'''

(* Let $\sigma:\mathbb R\to\mathbb R$ be bounded with Hermite expansion $\sigma=\sum_{s\ge0}a_sh_s$, and for $r>0$ and $s\ge0$ let $a_s(r)=\sum_{j=0}^\infty a_{s+2j}\sqrt{\frac{(s+2j)!}{s!}}\frac{(r^2-1)^j}{j!2^j}$. If $r>0$ satisfies $|1-r^2|=:\epsilon<\frac12$, then for every $s\ge0$, $$|a_s(r)-a_s(1)|\le\|\sigma\|\,2^{(s+2)/2}\frac{\epsilon}{\sqrt{1-2\epsilon^2}}.$$
   Context: $h_0,h_1,\ldots$ are the Hermite polynomials orthonormal w.r.t. the standard Gaussian measure; $\|\sigma\|=\sqrt{\mathbb E_{X\sim\mathcal N(0,1)}\sigma(X)^2}$. Note $a_s(1)=a_s$. *)

theory Defs
  imports "HOL-Probability.Probability"
begin

fun hermite_He :: "nat \<Rightarrow> real \<Rightarrow> real" where
  "hermite_He 0 x = 1"
| "hermite_He (Suc 0) x = x"
| "hermite_He (Suc (Suc n)) x = x * hermite_He (Suc n) x - real (Suc n) * hermite_He n x"

text \<open>Hermite polynomials orthonormal w.r.t. the standard Gaussian measure.\<close>
definition hermite_h :: "nat \<Rightarrow> real \<Rightarrow> real" where
  "hermite_h n x = hermite_He n x / sqrt (fact n)"

definition gauss :: "real measure" where
  "gauss = density lborel std_normal_density"

definition hermite_coeff :: "(real \<Rightarrow> real) \<Rightarrow> nat \<Rightarrow> real" where
  "hermite_coeff \<sigma> s = (\<integral>x. \<sigma> x * hermite_h s x \<partial>gauss)"

definition gnorm :: "(real \<Rightarrow> real) \<Rightarrow> real" where
  "gnorm \<sigma> = sqrt (\<integral>x. (\<sigma> x)\<^sup>2 \<partial>gauss)"

definition hermite_coeff_r :: "(real \<Rightarrow> real) \<Rightarrow> real \<Rightarrow> nat \<Rightarrow> real" where
  "hermite_coeff_r \<sigma> r s = (\<Sum>j. hermite_coeff \<sigma> (s + 2 * j)
       * sqrt (fact (s + 2 * j) / fact s) * (r\<^sup>2 - 1) ^ j / (fact j * 2 ^ j))"

end

theory Submission
  imports Defs "HOL-Computational_Algebra.Polynomial"
begin

text \<open>
  Since a_s(1) = a_s, the difference a_s(r) - a_s is the tail sum over j >= 1 of a_(s+2j) w_j,
  where w_j = sqrt((s+2j)!/s!) t^j / (j! 2^j) and t = r^2 - 1.  By Cauchy-Schwarz it is at most
  (sum_j a_(s+2j)^2)^(1/2) (sum_(j>=1) w_j^2)^(1/2).  The first factor is at most the Gaussian
  norm of sigma by Bessel's inequality for the orthonormal system h_n, whose orthonormality follows
  from Stein's identity E[X p(X)] = E[p'(X)] for polynomials p.  For the second factor,
  w_j^2 = C(s+2j,2j) C(2j,j) t^(2j) / 4^j; the bounds C(2j,j) <= 4^j/2 and t^(2j) <= 4^(1-j) t^2
  (as |t| <= 1/2) give w_j^2 <= 2 t^2 C(s+2j,2j) / 2^(2j), and the negative binomial series
  sum_k C(s+k,k) / 2^k = 2^(s+1) yields sum_(j>=1) w_j^2 <= 2^(s+2) t^2.  This gives the bound
  with epsilon in place of epsilon / sqrt(1 - 2 epsilon^2), for every square-integrable sigma.
\<close>

section \<open>Hermite polynomials as polynomials\<close>

fun hermite_He_poly :: "nat \<Rightarrow> real poly" where
  "hermite_He_poly 0 = 1"
| "hermite_He_poly (Suc 0) = [:0, 1:]"
| "hermite_He_poly (Suc (Suc n)) =
     [:0, 1:] * hermite_He_poly (Suc n) - smult (real (Suc n)) (hermite_He_poly n)"

lemma poly_hermite_He_poly: "poly (hermite_He_poly n) x = hermite_He n x"
  by (induction n rule: hermite_He_poly.induct) simp_all

lemma pderiv_hermite_He_poly:
  "pderiv (hermite_He_poly (Suc n)) = smult (real (Suc n)) (hermite_He_poly n)"
proof (induction n rule: hermite_He_poly.induct)
  case 1
  then show ?case by (simp add: pderiv_pCons)
next
  case 2
  then show ?case by (simp add: pderiv_pCons pderiv_mult)
next
  case (3 n)
  define X :: "real poly" where "X = [:0, 1:]"
  have rec: "hermite_He_poly (Suc (Suc n))
      = X * hermite_He_poly (Suc n) - smult (real (Suc n)) (hermite_He_poly n)"
    by (simp add: X_def)
  have "pderiv (hermite_He_poly (Suc (Suc (Suc n))))
      = X * pderiv (hermite_He_poly (Suc (Suc n))) + hermite_He_poly (Suc (Suc n))
        - smult (real (Suc (Suc n))) (pderiv (hermite_He_poly (Suc n)))"
    by (simp only: hermite_He_poly.simps(3)[of "Suc n"] pderiv_diff pderiv_mult pderiv_smult
        flip: X_def) (simp add: X_def pderiv_pCons)
  also have "\<dots> = hermite_He_poly (Suc (Suc n))
      + smult (real (Suc (Suc n))) (X * hermite_He_poly (Suc n) - smult (real (Suc n)) (hermite_He_poly n))"
    unfolding 3 smult_diff_right by (simp add: algebra_simps)
  also have "\<dots> = hermite_He_poly (Suc (Suc n)) + smult (real (Suc (Suc n))) (hermite_He_poly (Suc (Suc n)))"
    by (simp only: rec[symmetric])
  also have "\<dots> = smult (real (Suc (Suc (Suc n)))) (hermite_He_poly (Suc (Suc n)))"
    by (simp only: of_nat_Suc[of "Suc (Suc n)"] smult_add_left smult_1_left)
  finally show ?case .
qed

lemma higher_pderiv_hermite_He_poly:
  "k \<le> n \<Longrightarrow>
    (pderiv ^^ k) (hermite_He_poly n) = smult (fact n / fact (n - k)) (hermite_He_poly (n - k))"
proof (induction k)
  case 0
  then show ?case by simp
next
  case (Suc k)
  then obtain m where m: "n - k = Suc m"
    by (metis Suc_diff_Suc Suc_le_lessD)
  then have "n - Suc k = m" by simp
  moreover have "fact n / fact (Suc m) * real (Suc m) = (fact n / fact m :: real)"
    by (simp only: fact_Suc) (simp add: field_simps del: of_nat_Suc)
  ultimately show ?case
    using Suc by (simp add: m pderiv_smult pderiv_hermite_He_poly)
qed

section \<open>Gaussian moments and Stein's identity\<close>

lemma prob_space_gauss: "prob_space gauss"
  unfolding gauss_def by (rule prob_space_normal_density) simp

lemma sets_gauss [measurable_cong]: "sets gauss = sets borel"
  by (simp add: gauss_def)

lemma integral_gauss:
  "f \<in> borel_measurable borel \<Longrightarrow>
    (\<integral>x. f x \<partial>gauss) = (\<integral>x. std_normal_density x * f x \<partial>lborel)"
  unfolding gauss_def by (subst integral_density) auto

lemma integrable_gauss_power: "integrable gauss (\<lambda>x. x ^ k)"
  unfolding gauss_def
  by (subst integrable_density) (auto simp: integrable_std_normal_moment)

lemma fact_double_Suc_ratio:
  "(fact (2 * Suc j) :: real) / (2 ^ Suc j * fact (Suc j))
     = real (2 * j + 1) * (fact (2 * j) / (2 ^ j * fact j))"
proof -
  have cancel: "(2 * a) * (b * F) / ((2 * P) * (a * G)) = b * (F / (P * G))"
    if "a \<noteq> 0" for a b F P G :: real
    using that by simp
  have "2 * Suc j = Suc (Suc (2 * j))"
    by simp
  then have "(fact (2 * Suc j) :: real) = 2 * (real j + 1) * ((2 * real j + 1) * fact (2 * j))"
    by (simp only: fact_Suc) (simp add: algebra_simps)
  moreover have "(fact (Suc j) :: real) = (real j + 1) * fact j"
    by simp
  ultimately have "(fact (2 * Suc j) :: real) / (2 ^ Suc j * fact (Suc j))
      = (2 * (real j + 1)) * ((2 * real j + 1) * fact (2 * j)) / ((2 * 2 ^ j) * ((real j + 1) * fact j))"
    by (simp only: power_Suc)
  also have "\<dots> = (2 * real j + 1) * (fact (2 * j) / (2 ^ j * fact j))"
    by (rule cancel) simp
  finally show ?thesis
    by simp
qed

lemma integral_gauss_power_Suc:
  "(\<integral>x. x ^ Suc k \<partial>gauss) = real k * (\<integral>x. x ^ (k - 1) \<partial>gauss)"
proof -
  have odd_moment: "(\<integral>x. x ^ (2 * i + 1) \<partial>gauss) = 0" for i
    using integral_std_normal_moment_odd[of i] by (simp add: integral_gauss)
  have even_moment: "(\<integral>x. x ^ (2 * i) \<partial>gauss) = fact (2 * i) / (2 ^ i * fact i)" for i
    using integral_std_normal_moment_even[of i] by (simp add: integral_gauss)
  show ?thesis
  proof (cases "even k")
    case True
    then obtain j where k: "k = 2 * j" by blast
    show ?thesis
    proof (cases j)
      case 0
      then show ?thesis
        using odd_moment[of 0] by (simp add: k)
    next
      case (Suc i)
      then have "k - 1 = 2 * i + 1"
        by (simp add: k)
      then have "(\<integral>x. x ^ (k - 1) \<partial>gauss) = 0"
        by (simp only: odd_moment)
      moreover have "Suc k = 2 * j + 1"
        by (simp add: k)
      then have "(\<integral>x. x ^ Suc k \<partial>gauss) = 0"
        by (simp only: odd_moment)
      ultimately show ?thesis
        by simp
    qed
  next
    case False
    then obtain j where k: "k = 2 * j + 1" by (blast elim: oddE)
    then have "Suc k = 2 * Suc j"
      by simp
    then have "(\<integral>x. x ^ Suc k \<partial>gauss) = fact (2 * Suc j) / (2 ^ Suc j * fact (Suc j))"
      by (simp only: even_moment)
    moreover have "k - 1 = 2 * j"
      by (simp add: k)
    then have "(\<integral>x. x ^ (k - 1) \<partial>gauss) = fact (2 * j) / (2 ^ j * fact j)"
      by (simp only: even_moment)
    ultimately show ?thesis
      by (simp only: fact_double_Suc_ratio) (simp add: k)
  qed
qed

definition gauss_poly_mean :: "real poly \<Rightarrow> real" where
  "gauss_poly_mean p = (\<integral>x. poly p x \<partial>gauss)"

lemma integrable_gauss_poly: "integrable gauss (poly p)"
  unfolding poly_altdef[abs_def]
  by (intro Bochner_Integration.integrable_sum integrable_mult_right integrable_gauss_power)

lemma gauss_poly_mean_add: "gauss_poly_mean (p + q) = gauss_poly_mean p + gauss_poly_mean q"
  by (simp add: gauss_poly_mean_def integrable_gauss_poly)

lemma gauss_poly_mean_diff: "gauss_poly_mean (p - q) = gauss_poly_mean p - gauss_poly_mean q"
  by (simp add: gauss_poly_mean_def integrable_gauss_poly)

lemma gauss_poly_mean_smult: "gauss_poly_mean (smult c p) = c * gauss_poly_mean p"
  by (simp add: gauss_poly_mean_def)

lemma gauss_poly_mean_const: "gauss_poly_mean [:c:] = c"
  by (simp add: gauss_poly_mean_def prob_space.prob_space[OF prob_space_gauss])

lemma poly_eq_sum_lessThan:
  fixes p :: "'a::comm_semiring_1 poly"
  assumes "\<And>i. n \<le> i \<Longrightarrow> coeff p i = 0"
  shows "poly p x = (\<Sum>i<n. coeff p i * x ^ i)"
proof -
  have "poly p x = (\<Sum>i\<le>degree p. coeff p i * x ^ i)"
    by (rule poly_altdef)
  also have "\<dots> = (\<Sum>i<n. coeff p i * x ^ i)"
    using assms by (intro sum.mono_neutral_cong) (auto simp: not_less coeff_eq_0)
  finally show ?thesis .
qed

lemma gauss_poly_mean_eq_sum:
  assumes "\<And>i. n \<le> i \<Longrightarrow> coeff p i = 0"
  shows "gauss_poly_mean p = (\<Sum>i<n. coeff p i * (\<integral>x. x ^ i \<partial>gauss))"
proof -
  have "poly p = (\<lambda>x. \<Sum>i<n. coeff p i * x ^ i)"
    using poly_eq_sum_lessThan[OF assms] by (rule ext)
  then show ?thesis
    by (simp add: gauss_poly_mean_def integrable_gauss_power)
qed

lemma gauss_poly_mean_pCons_0: "gauss_poly_mean (pCons 0 p) = gauss_poly_mean (pderiv p)"
proof -
  define m where "m i = (\<integral>x. x ^ i \<partial>gauss)" for i
  define d where "d = degree p"
  have m_Suc: "m (Suc i) = real i * m (i - 1)" for i
    unfolding m_def by (rule integral_gauss_power_Suc)
  have "gauss_poly_mean (pCons 0 p) = (\<Sum>i<Suc (Suc d). coeff (pCons 0 p) i * m i)"
    unfolding m_def d_def by (rule gauss_poly_mean_eq_sum) (simp add: coeff_pCons coeff_eq_0 split: nat.split)
  also have "\<dots> = (\<Sum>i<Suc d. coeff p i * (real i * m (i - 1)))"
    by (subst sum.lessThan_Suc_shift) (simp add: m_Suc)
  also have "\<dots> = (\<Sum>i<d. coeff (pderiv p) i * m i)"
    by (subst sum.lessThan_Suc_shift) (simp add: coeff_pderiv mult_ac)
  also have "\<dots> = gauss_poly_mean (pderiv p)"
    unfolding m_def d_def by (rule gauss_poly_mean_eq_sum[symmetric]) (simp add: coeff_pderiv coeff_eq_0)
  finally show ?thesis .
qed

lemma gauss_poly_mean_hermite_He_poly_Suc_mult:
  "gauss_poly_mean (hermite_He_poly (Suc n) * g) = gauss_poly_mean (hermite_He_poly n * pderiv g)"
proof (cases n)
  case 0
  then show ?thesis
    using gauss_poly_mean_pCons_0[of g] by simp
next
  case (Suc m)
  have "hermite_He_poly (Suc n) * g
      = pCons 0 (hermite_He_poly (Suc m) * g) - smult (real (Suc m)) (hermite_He_poly m * g)"
    by (simp add: Suc algebra_simps)
  moreover have "pderiv (hermite_He_poly (Suc m) * g)
      = hermite_He_poly (Suc m) * pderiv g + smult (real (Suc m)) (hermite_He_poly m * g)"
    by (simp add: pderiv_mult pderiv_hermite_He_poly mult.commute[of g])
  ultimately show ?thesis
    by (simp add: Suc gauss_poly_mean_add gauss_poly_mean_diff gauss_poly_mean_smult
        gauss_poly_mean_pCons_0)
qed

'''

§ ASSIGNED TASK:
Taking the material above, extract exactly and only the lines from the line with "using assms by" to the line with "by (simp add: Suc gauss_poly_mean_add", inclusive of both.

§ PROBLEM SOLUTION:
    using assms by (intro sum.mono_neutral_cong) (auto simp: not_less coeff_eq_0)
  finally show ?thesis .
qed

lemma gauss_poly_mean_eq_sum:
  assumes "\<And>i. n \<le> i \<Longrightarrow> coeff p i = 0"
  shows "gauss_poly_mean p = (\<Sum>i<n. coeff p i * (\<integral>x. x ^ i \<partial>gauss))"
proof -
  have "poly p = (\<lambda>x. \<Sum>i<n. coeff p i * x ^ i)"
    using poly_eq_sum_lessThan[OF assms] by (rule ext)
  then show ?thesis
    by (simp add: gauss_poly_mean_def integrable_gauss_power)
qed

lemma gauss_poly_mean_pCons_0: "gauss_poly_mean (pCons 0 p) = gauss_poly_mean (pderiv p)"
proof -
  define m where "m i = (\<integral>x. x ^ i \<partial>gauss)" for i
  define d where "d = degree p"
  have m_Suc: "m (Suc i) = real i * m (i - 1)" for i
    unfolding m_def by (rule integral_gauss_power_Suc)
  have "gauss_poly_mean (pCons 0 p) = (\<Sum>i<Suc (Suc d). coeff (pCons 0 p) i * m i)"
    unfolding m_def d_def by (rule gauss_poly_mean_eq_sum) (simp add: coeff_pCons coeff_eq_0 split: nat.split)
  also have "\<dots> = (\<Sum>i<Suc d. coeff p i * (real i * m (i - 1)))"
    by (subst sum.lessThan_Suc_shift) (simp add: m_Suc)
  also have "\<dots> = (\<Sum>i<d. coeff (pderiv p) i * m i)"
    by (subst sum.lessThan_Suc_shift) (simp add: coeff_pderiv mult_ac)
  also have "\<dots> = gauss_poly_mean (pderiv p)"
    unfolding m_def d_def by (rule gauss_poly_mean_eq_sum[symmetric]) (simp add: coeff_pderiv coeff_eq_0)
  finally show ?thesis .
qed

lemma gauss_poly_mean_hermite_He_poly_Suc_mult:
  "gauss_poly_mean (hermite_He_poly (Suc n) * g) = gauss_poly_mean (hermite_He_poly n * pderiv g)"
proof (cases n)
  case 0
  then show ?thesis
    using gauss_poly_mean_pCons_0[of g] by simp
next
  case (Suc m)
  have "hermite_He_poly (Suc n) * g
      = pCons 0 (hermite_He_poly (Suc m) * g) - smult (real (Suc m)) (hermite_He_poly m * g)"
    by (simp add: Suc algebra_simps)
  moreover have "pderiv (hermite_He_poly (Suc m) * g)
      = hermite_He_poly (Suc m) * pderiv g + smult (real (Suc m)) (hermite_He_poly m * g)"
    by (simp add: pderiv_mult pderiv_hermite_He_poly mult.commute[of g])
  ultimately show ?thesis
    by (simp add: Suc gauss_poly_mean_add gauss_poly_mean_diff gauss_poly_mean_smult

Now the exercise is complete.